Saved data entries:
'''
text \<open>If the conditions hold for every x, then F3(q) is symplectic (first condition) and
  G_i = -J dF3/dq_i: the second condition says F3^T (J dF3/dq_i + G_i) = 0.\<close>
lemma Phi_conditions_imp_generating_relations:
  fixes F3 :: "real^'s::finite \<Rightarrow> real^('f::finite+'f)^('f+'f)"
  assumes conds: "\<And>x. Phi_conditions F3 F' G2 G' q x"
  shows "transpose (F3 q) ** symp_J ** F3 q = symp_J \<and> (\<forall>i. G2 i q = - (symp_J ** F' q (axis i 1)))"
proof -
  have FJ: "transpose (F3 q) ** symp_J ** F3 q = symp_J"
    using conds unfolding congruence_iff_form Phi_conditions_def by blast
  have "G2 i q = - (symp_J ** F' q (axis i 1))" for i
  proof -
    have pulled_back: "a \<bullet> ((transpose (F3 q) ** X) *v x) = (F3 q *v a) \<bullet> (X *v x)" for a x X
      by (simp only: inner_mv_transpose matrix_vector_mul_assoc)
    have "transpose (F3 q) ** (symp_J ** F' q (axis i 1)) = transpose (F3 q) ** (- G2 i q)"
    proof (rule matrix_eq_by_inner)
      fix a x
      have "omega_J (F3 q *v a) (F' q (axis i 1) *v x) = - ((F3 q *v a) \<bullet> (G2 i q *v x))"
        using conds unfolding Phi_conditions_def by blast
      then show "a \<bullet> ((transpose (F3 q) ** (symp_J ** F' q (axis i 1))) *v x)
          = a \<bullet> ((transpose (F3 q) ** (- G2 i q)) *v x)"
        unfolding pulled_back by (simp add: matrix_vector_mul_assoc[symmetric] matrix_mult_uminus_vec)
    qed
    then have "symp_J ** F' q (axis i 1) = - G2 i q"
      by (rule symplectic_left_cancel[OF FJ])
    then show ?thesis by simp
  qed
  with FJ show ?thesis by blast
qed

text \<open>Conversely, the two relations imply the conditions; the third one follows from the
  symmetry of the derivatives of the G_i.\<close>
lemma generating_relations_imp_Phi_conditions:
  fixes F3 :: "real^'s::finite \<Rightarrow> real^('f::finite+'f)^('f+'f)"
  assumes FJ: "transpose (F3 q) ** symp_J ** F3 q = symp_J"
    and GJ: "\<And>i. G2 i q = - (symp_J ** F' q (axis i 1))"
    and mixed: "\<And>i l. G' i q (axis l 1) = G' l q (axis i 1)"
  shows "Phi_conditions F3 F' G2 G' q x"
proof -
  let ?v = "\<lambda>l. F' q (axis l 1) *v x"
  have Gx: "G2 l q *v x = - (symp_J *v ?v l)" for l
    by (simp add: GJ matrix_mult_uminus_vec matrix_vector_mul_assoc)
  have "omega_J (F3 q *v a) (?v l) = - ((F3 q *v a) \<bullet> (G2 l q *v x))" for a l
    by (simp add: Gx)
  moreover have "omega_J (?v i) (?v l)
      = slow_coupling F3 F' G2 G' q x i l - slow_coupling F3 F' G2 G' q x l i" for i l
    using omega_J_antisym[of "?v i" "?v l"] by (simp add: slow_coupling_def Gx mixed algebra_simps)
  ultimately show ?thesis
    using FJ unfolding Phi_conditions_def congruence_iff_form by blast
qed

lemma Phi_conditions_iff_generating_relations:
  fixes F3 :: "real^'s::finite \<Rightarrow> real^('f::finite+'f)^('f+'f)"
  assumes dF: "\<And>q. (F3 has_derivative F' q) (at q)"
    and dG: "\<And>i q. (G2 i has_derivative G' i q) (at q)"
    and cG: "\<And>i k q. isCont (\<lambda>q. G' i q k) q"
  shows "(\<forall>q x. Phi_conditions F3 F' G2 G' q x) \<longleftrightarrow>
    (\<forall>q. transpose (F3 q) ** symp_J ** F3 q = symp_J \<and> (\<forall>i. G2 i q = - (symp_J ** F' q (axis i 1))))"
proof (intro iffI allI)
  fix q assume "\<forall>q x. Phi_conditions F3 F' G2 G' q x"
  then show "transpose (F3 q) ** symp_J ** F3 q = symp_J \<and> (\<forall>i. G2 i q = - (symp_J ** F' q (axis i 1)))"
    by (intro Phi_conditions_imp_generating_relations) blast
next
  fix q x assume rel: "\<forall>q. transpose (F3 q) ** symp_J ** F3 q = symp_J
                         \<and> (\<forall>i. G2 i q = - (symp_J ** F' q (axis i 1)))"
  then have "F' q (axis i 1) = symp_J ** G2 i q" for i q
    by (simp add: matrix_mult_uminus_right symp_J_squared)
  with rel show "Phi_conditions F3 F' G2 G' q x"
    by (intro generating_relations_imp_Phi_conditions mixed_partials_symmetric[OF dF dG cG]) auto
qed

lemma C1_on_UNIV_derivative:
  assumes "C1_on_UNIV f"
  shows "\<exists>f'. (\<forall>x. (f has_derivative f' x) (at x)) \<and> (\<forall>x k. isCont (\<lambda>x. f' x k) x)"
proof -
  obtain f'' where "\<And>x. (f has_derivative blinfun_apply (f'' x)) (at x)" and "continuous_on UNIV f''"
    using assms unfolding C1_on_UNIV_def by blast
  moreover from this(2) have "isCont (\<lambda>x. blinfun_apply (f'' x) k) x" for x k
    by (intro continuous_intros) (simp add: continuous_on_eq_continuous_at)
  ultimately show ?thesis
    by (intro exI[of _ "\<lambda>x. blinfun_apply (f'' x)"]) blast
qed

lemma symmetric_product_inner:
  assumes "transpose (transpose A ** B) = transpose (A::real^'n::finite^'m::finite) ** B"
  shows "(A *v a) \<bullet> (B *v c) = (A *v c) \<bullet> (B *v a)"
proof -
  have "(A *v a) \<bullet> (B *v c) = a \<bullet> ((transpose A ** B) *v c)"
    by (simp add: inner_mv_transpose matrix_vector_mul_assoc)
  also have "\<dots> = ((transpose A ** B) *v a) \<bullet> c"
    by (subst assms[symmetric]) (simp add: inner_mv_transpose)
  also have "\<dots> = (A *v c) \<bullet> (B *v a)"
    by (simp add: inner_mv_transpose matrix_vector_mul_assoc[symmetric] inner_commute)
  finally show ?thesis .
qed

theorem lemma3p1:
  fixes F3 :: "real ^ 's::finite \<Rightarrow> real ^ ('f::finite + 'f) ^ ('f + 'f)"
    and G2 :: "'s \<Rightarrow> real ^ 's \<Rightarrow> real ^ ('f + 'f) ^ ('f + 'f)"
  assumes F3_C1: "C1_on_UNIV F3"
    and G2_C1: "\<And>i. C1_on_UNIV (G2 i)"
    and sym: "\<And>qs i. transpose (transpose (F3 qs) ** G2 i qs) = transpose (F3 qs) ** G2 i qs"
  shows "(\<forall>z. transpose (matrix (frechet_derivative (Phi_map F3 G2) (at z)))
                  ** symp_JJ ** matrix (frechet_derivative (Phi_map F3 G2) (at z)) = symp_JJ)
     \<longleftrightarrow> (\<forall>qs. transpose (F3 qs) ** symp_J ** F3 qs = symp_J
              \<and> (\<forall>i. G2 i qs = - (symp_J ** frechet_derivative F3 (at qs) (axis i 1))))"
proof -
  obtain F' where dF: "\<And>q. (F3 has_derivative F' q) (at q)"
    using C1_on_UNIV_derivative[OF F3_C1] by blast
  obtain G' where dG: "\<And>i q. (G2 i has_derivative G' i q) (at q)"
      and cG: "\<And>i k q. isCont (\<lambda>q. G' i q k) q"
    using C1_on_UNIV_derivative[OF G2_C1] by metis
  have symm: "(F3 q *v a) \<bullet> (G2 j q *v c) = (F3 q *v c) \<bullet> (G2 j q *v a)" for q j a c
    using symmetric_product_inner[OF sym] .
  have "(\<forall>z. transpose (matrix (frechet_derivative (Phi_map F3 G2) (at z)))
                  ** symp_JJ ** matrix (frechet_derivative (Phi_map F3 G2) (at z)) = symp_JJ)
      \<longleftrightarrow> (\<forall>q x. Phi_conditions F3 F' G2 G' q x)"
    unfolding Phi_symplectic_at_iff[OF dF dG symm] by (metis phase_coords(1,2))
  also have "\<dots> \<longleftrightarrow> (\<forall>q. transpose (F3 q) ** symp_J ** F3 q = symp_J
                         \<and> (\<forall>i. G2 i q = - (symp_J ** F' q (axis i 1))))"
    by (rule Phi_conditions_iff_generating_relations[OF dF dG cG])
  finally show ?thesis
    using frechet_derivative_at[OF dF] by simp
qed
(* Assume (NC), and that $W,Z,U$ are discrete with finitely many values $w_1,\dots,w_{|\mathcal W|}$, $z_1,\dots,z_{|\mathcal Z|}$, $u_1,\dots,u_{|\mathcal U|}$. Suppose that for every $a\in\mathcal A$, $x\in\mathcal X$, the matrices $P(\mathbf W\mid\mathbf U,a,x)\in\mathbb R^{|\mathcal W|\times|\mathcal U|}$, $P(\mathbf U\mid\mathbf W,a,x)\in\mathbb R^{|\mathcal U|\times|\mathcal W|}$, $P(\mathbf Z\mid\mathbf U,a,x)\in\mathbb R^{|\mathcal Z|\times|\mathcal U|}$, $P(\mathbf U\mid\mathbf Z,a,x)\in\mathbb R^{|\mathcal U|\times|\mathcal Z|}$ all have rank $|\mathcal U|$. (1) If for every $g\in L_2(W,A,X)$, $\mathbb E[g(W,A,X)\mid Z,A,X]=0$ implies $g=0$, then $|\mathcal Z|\ge|\mathcal W|=|\mathcal U|$. (2) If for every $g\in L_2(Z,A,X)$, $\mathbb E[g(Z,A,X)\mid W,A,X]=0$ implies $g=0$, then $|\mathcal W|\ge|\mathcal Z|=|\mathcal U|$.
   Context: Setup: random variables $(U,X,A,Z,W,Y)$ with $X$ observed covariates, $A\in\mathcal A$ an action ($\mathcal A$ carries a base measure $\mu$), $Z$ a negative control action, $W$ a negative control outcome, $Y$ real outcome, $U$ an unobserved confounder; potential outcomes $Y(a),Y(a,z),W(a,z)$; $\pi(a\mid x)$ a given real contrast function, $f(a\mid u,x)$ the conditional density of $A$ given $(U,X)$. Assumption (NC): (i) $Y=Y(A,Z)$, $W=W(A,Z)$; (ii) $Y(a,z)=Y(a)$; (iii) $W(a,z)=W$; (iv) $(Z,A)\perp(Y(a),W)\mid(U,X)$ for all $a$; (v) $|\pi(a\mid x)/f(a\mid x,u)|<\infty$. Matrix notation: $P(\mathbf W\mid\mathbf U,a,x)$ has $(i,s)$ entry $\Pr(W=w_i\mid U=u_s,A=a,X=x)$; $P(\mathbf U\mid\mathbf W,a,x)$ has $(s,i)$ entry $\Pr(U=u_s\mid W=w_i,A=a,X=x)$; $P(\mathbf Z\mid\mathbf U,a,x)$ and $P(\mathbf U\mid\mathbf Z,a,x)$ are defined analogously. *)

theory Defs
  imports "HOL-Analysis.Analysis"
begin

text \<open>The (finite) value sets of U, Z, W are the
finite types 'u, 'z, 'w.  The joint density of (U,A,Z,W) given X = x, with respect to
counting measure on U, Z, W and the base measure mu on the action space, is
  pU x u * fAZ u x a z * hW u x w,
i.e. U | X has pmf pU, (A,Z) | (U,X) has density fAZ, and W | (U,X) has pmf hW,
the factorisation being the conditional independence (Z,A) indep W given (U,X)
of (NC)(iv) together with W = W(A,Z) = W of (NC)(i),(iii).\<close>

definition jdens ::
  "('x \<Rightarrow> 'u \<Rightarrow> real) \<Rightarrow> ('u \<Rightarrow> 'x \<Rightarrow> 'a \<Rightarrow> 'z \<Rightarrow> real) \<Rightarrow> ('u \<Rightarrow> 'x \<Rightarrow> 'w \<Rightarrow> real)
   \<Rightarrow> 'a \<Rightarrow> 'x \<Rightarrow> 'u \<Rightarrow> 'z \<Rightarrow> 'w \<Rightarrow> real" where
  "jdens pU fAZ hW a x u z w = pU x u * fAZ u x a z * hW u x w"

text \<open>Unnormalised marginals (given A = a, X = x); all conditional probabilities
below are ratios, so the normalising constant p(a|x) cancels.\<close>

definition mUW :: "('a \<Rightarrow> 'x \<Rightarrow> 'u \<Rightarrow> 'z::finite \<Rightarrow> 'w \<Rightarrow> real) \<Rightarrow> 'a \<Rightarrow> 'x \<Rightarrow> 'u \<Rightarrow> 'w \<Rightarrow> real" where
  "mUW q a x u w = (\<Sum>z\<in>UNIV. q a x u z w)"
definition mUZ :: "('a \<Rightarrow> 'x \<Rightarrow> 'u \<Rightarrow> 'z \<Rightarrow> 'w::finite \<Rightarrow> real) \<Rightarrow> 'a \<Rightarrow> 'x \<Rightarrow> 'u \<Rightarrow> 'z \<Rightarrow> real" where
  "mUZ q a x u z = (\<Sum>w\<in>UNIV. q a x u z w)"
definition mZW :: "('a \<Rightarrow> 'x \<Rightarrow> 'u::finite \<Rightarrow> 'z \<Rightarrow> 'w \<Rightarrow> real) \<Rightarrow> 'a \<Rightarrow> 'x \<Rightarrow> 'z \<Rightarrow> 'w \<Rightarrow> real" where
  "mZW q a x z w = (\<Sum>u\<in>UNIV. q a x u z w)"
definition mU :: "('a \<Rightarrow> 'x \<Rightarrow> 'u \<Rightarrow> 'z::finite \<Rightarrow> 'w::finite \<Rightarrow> real) \<Rightarrow> 'a \<Rightarrow> 'x \<Rightarrow> 'u \<Rightarrow> real" where
  "mU q a x u = (\<Sum>z\<in>UNIV. \<Sum>w\<in>UNIV. q a x u z w)"
definition mW :: "('a \<Rightarrow> 'x \<Rightarrow> 'u::finite \<Rightarrow> 'z::finite \<Rightarrow> 'w \<Rightarrow> real) \<Rightarrow> 'a \<Rightarrow> 'x \<Rightarrow> 'w \<Rightarrow> real" where
  "mW q a x w = (\<Sum>u\<in>UNIV. \<Sum>z\<in>UNIV. q a x u z w)"
definition mZ :: "('a \<Rightarrow> 'x \<Rightarrow> 'u::finite \<Rightarrow> 'z \<Rightarrow> 'w::finite \<Rightarrow> real) \<Rightarrow> 'a \<Rightarrow> 'x \<Rightarrow> 'z \<Rightarrow> real" where
  "mZ q a x z = (\<Sum>u\<in>UNIV. \<Sum>w\<in>UNIV. q a x u z w)"

definition P_W_U :: "('a \<Rightarrow> 'x \<Rightarrow> 'u::finite \<Rightarrow> 'z::finite \<Rightarrow> 'w::finite \<Rightarrow> real) \<Rightarrow> 'a \<Rightarrow> 'x \<Rightarrow> real^'u^'w" where
  "P_W_U q a x = (\<chi> w u. mUW q a x u w / mU q a x u)"
definition P_U_W :: "('a \<Rightarrow> 'x \<Rightarrow> 'u::finite \<Rightarrow> 'z::finite \<Rightarrow> 'w::finite \<Rightarrow> real) \<Rightarrow> 'a \<Rightarrow> 'x \<Rightarrow> real^'w^'u" where
  "P_U_W q a x = (\<chi> u w. mUW q a x u w / mW q a x w)"
definition P_Z_U :: "('a \<Rightarrow> 'x \<Rightarrow> 'u::finite \<Rightarrow> 'z::finite \<Rightarrow> 'w::finite \<Rightarrow> real) \<Rightarrow> 'a \<Rightarrow> 'x \<Rightarrow> real^'u^'z" where
  "P_Z_U q a x = (\<chi> z u. mUZ q a x u z / mU q a x u)"
definition P_U_Z :: "('a \<Rightarrow> 'x \<Rightarrow> 'u::finite \<Rightarrow> 'z::finite \<Rightarrow> 'w::finite \<Rightarrow> real) \<Rightarrow> 'a \<Rightarrow> 'x \<Rightarrow> real^'z^'u" where
  "P_U_Z q a x = (\<chi> u z. mUZ q a x u z / mZ q a x z)"

text \<open>Completeness: E[g(W,A,X) | Z,A,X] = 0 a.s. implies g = 0 a.s., written
pointwise in (a,x) (discrete W, Z).\<close>

definition complete_W_given_Z :: "('a \<Rightarrow> 'x \<Rightarrow> 'u::finite \<Rightarrow> 'z::finite \<Rightarrow> 'w::finite \<Rightarrow> real) \<Rightarrow> bool" where
  "complete_W_given_Z q \<longleftrightarrow> (\<forall>a x. \<forall>g :: 'w \<Rightarrow> real.
     (\<forall>z. mZ q a x z > 0 \<longrightarrow> (\<Sum>w\<in>UNIV. g w * (mZW q a x z w / mZ q a x z)) = 0)
     \<longrightarrow> (\<forall>w. mW q a x w > 0 \<longrightarrow> g w = 0))"

definition complete_Z_given_W :: "('a \<Rightarrow> 'x \<Rightarrow> 'u::finite \<Rightarrow> 'z::finite \<Rightarrow> 'w::finite \<Rightarrow> real) \<Rightarrow> bool" where
  "complete_Z_given_W q \<longleftrightarrow> (\<forall>a x. \<forall>g :: 'z \<Rightarrow> real.
     (\<forall>w. mW q a x w > 0 \<longrightarrow> (\<Sum>z\<in>UNIV. g z * (mZW q a x z w / mW q a x w)) = 0)
     \<longrightarrow> (\<forall>z. mZ q a x z > 0 \<longrightarrow> g z = 0))"

end

theory Submission
  imports Defs
begin

text \<open>Given A = a and X = x, the unnormalised joint law of (Z, W) factors through U as
  Q = F H,  with  F(z,u) = p(u) f(a,z|u)  and  H(u,w) = p(w|u).
Completeness of W given Z says that Q has trivial right kernel; then so does H, whence
|W| \<le> |U|, and |W| \<le> |Z| because Q is |Z| by |W|.  The rank condition on P(W|U) gives
|U| \<le> |W|.  Completeness of Z given W is the same argument for the transpose of Q.\<close>

lemma card_le_card_if_matrix_kernel_trivial:
  fixes M :: "real^'n^'m"
  assumes "\<And>g. M *v g = 0 \<Longrightarrow> g = 0"
  shows "CARD('n) \<le> CARD('m)"
proof -
  have "inj ((*v) M)"
    using assms by (simp add: linear_inj_iff_eq_0)
  then have "rank M = CARD('n)"
    by (simp add: full_rank_injective)
  then show ?thesis
    using rank_bound[of M] by simp
qed

lemma card_le_inner_dims_if_matrix_mul_kernel_trivial:
  fixes A :: "real^'k^'m" and B :: "real^'n^'k"
  assumes "\<And>g. (A ** B) *v g = 0 \<Longrightarrow> g = 0"
  shows "CARD('n) \<le> CARD('k) \<and> CARD('n) \<le> CARD('m)"
proof -
  have "B *v g = 0 \<Longrightarrow> g = 0" for g
    using assms[of g] by (simp add: matrix_vector_mul_assoc[symmetric])
  then show ?thesis
    using card_le_card_if_matrix_kernel_trivial[of B]
      card_le_card_if_matrix_kernel_trivial[of "A ** B"] assms by blast
qed

lemma mZW_jdens_eq_matrix_mul:
  "(\<chi> z w. mZW (jdens pU fAZ hW) a x z w)
     = (\<chi> z u. pU x u * fAZ u x a z) ** (\<chi> u w. hW u x w)"
  by (simp add: vec_eq_iff matrix_matrix_mult_def mZW_def jdens_def)

lemma complete_W_given_Z_kernel_trivial:
  assumes "complete_W_given_Z q" and "\<And>w. mW q a x w > 0"
    and "(\<chi> z w. mZW q a x z w) *v g = 0"
  shows "g = 0"
proof -
  have "(\<Sum>w\<in>UNIV. g $ w * (mZW q a x z w / mZ q a x z)) = 0" for z
    using assms(3)
    by (simp add: vec_eq_iff matrix_vector_mult_def sum_divide_distrib[symmetric] mult_ac)
  then show ?thesis
    using assms(1,2) unfolding complete_W_given_Z_def vec_eq_iff
    by (metis zero_index)
qed

lemma complete_Z_given_W_kernel_trivial:
  assumes "complete_Z_given_W q" and "\<And>z. mZ q a x z > 0"
    and "transpose (\<chi> z w. mZW q a x z w) *v g = 0"
  shows "g = 0"
proof -
  have "(\<Sum>z\<in>UNIV. g $ z * (mZW q a x z w / mW q a x w)) = 0" for w
    using assms(3)
    by (simp add: vec_eq_iff matrix_vector_mult_def transpose_def
        sum_divide_distrib[symmetric] mult_ac)
  then show ?thesis
    using assms(1,2) unfolding complete_Z_given_W_def vec_eq_iff
    by (metis zero_index)
qed

theorem mainTheorem17:
  fixes pU :: "'x \<Rightarrow> 'u::finite \<Rightarrow> real"
    and fAZ :: "'u \<Rightarrow> 'x \<Rightarrow> 'a \<Rightarrow> 'z::finite \<Rightarrow> real"
    and hW :: "'u \<Rightarrow> 'x \<Rightarrow> 'w::finite \<Rightarrow> real"
    and \<pi> :: "'a \<Rightarrow> 'x \<Rightarrow> real"
  assumes pU_nonneg: "\<And>x u. pU x u \<ge> 0" and pU_sum: "\<And>x. (\<Sum>u\<in>UNIV. pU x u) = 1"
    and fAZ_nonneg: "\<And>u x a z. fAZ u x a z \<ge> 0"
    and hW_nonneg: "\<And>u x w. hW u x w \<ge> 0" and hW_sum: "\<And>u x. (\<Sum>w\<in>UNIV. hW u x w) = 1"
    and positivity: "\<And>a x u. \<pi> a x \<noteq> 0 \<Longrightarrow> (\<Sum>z\<in>UNIV. fAZ u x a z) > 0"
    and W_support: "\<And>a x w. mW (jdens pU fAZ hW) a x w > 0"
    and Z_support: "\<And>a x z. mZ (jdens pU fAZ hW) a x z > 0"
    and rank_WU: "\<And>a x. rank (P_W_U (jdens pU fAZ hW) a x) = CARD('u)"
    and rank_UW: "\<And>a x. rank (P_U_W (jdens pU fAZ hW) a x) = CARD('u)"
    and rank_ZU: "\<And>a x. rank (P_Z_U (jdens pU fAZ hW) a x) = CARD('u)"
    and rank_UZ: "\<And>a x. rank (P_U_Z (jdens pU fAZ hW) a x) = CARD('u)"
  shows "(complete_W_given_Z (jdens pU fAZ hW) \<longrightarrow> CARD('z) \<ge> CARD('w) \<and> CARD('w) = CARD('u))
       \<and> (complete_Z_given_W (jdens pU fAZ hW) \<longrightarrow> CARD('w) \<ge> CARD('z) \<and> CARD('z) = CARD('u))"
proof -
  fix a :: 'a and x :: 'x
  define F :: "real^'u^'z" where "F = (\<chi> z u. pU x u * fAZ u x a z)"
  define H :: "real^'w^'u" where "H = (\<chi> u w. hW u x w)"
  have Q_eq: "(\<chi> z w. mZW (jdens pU fAZ hW) a x z w) = F ** H"
    unfolding F_def H_def by (rule mZW_jdens_eq_matrix_mul)
  have "CARD('u) \<le> CARD('w)" "CARD('u) \<le> CARD('z)"
    using rank_bound[of "P_W_U (jdens pU fAZ hW) a x"] rank_bound[of "P_Z_U (jdens pU fAZ hW) a x"]
      rank_WU rank_ZU by simp_all
  moreover have "CARD('w) \<le> CARD('u) \<and> CARD('w) \<le> CARD('z)"
    if "complete_W_given_Z (jdens pU fAZ hW)"
    by (rule card_le_inner_dims_if_matrix_mul_kernel_trivial,
        rule complete_W_given_Z_kernel_trivial[OF that W_support[of a x], unfolded Q_eq])
  moreover have "CARD('z) \<le> CARD('u) \<and> CARD('z) \<le> CARD('w)"
    if "complete_Z_given_W (jdens pU fAZ hW)"
    by (rule card_le_inner_dims_if_matrix_mul_kernel_trivial,
        rule complete_Z_given_W_kernel_trivial[OF that Z_support[of a x], unfolded Q_eq matrix_transpose_mul])
  ultimately show ?thesis by auto
qed

end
'''
ABOUT THIS EXERCISE:
A single number is required: the count of lines in the data above that include the string "intro".

ANSWER TO THIS PROBLEM:
5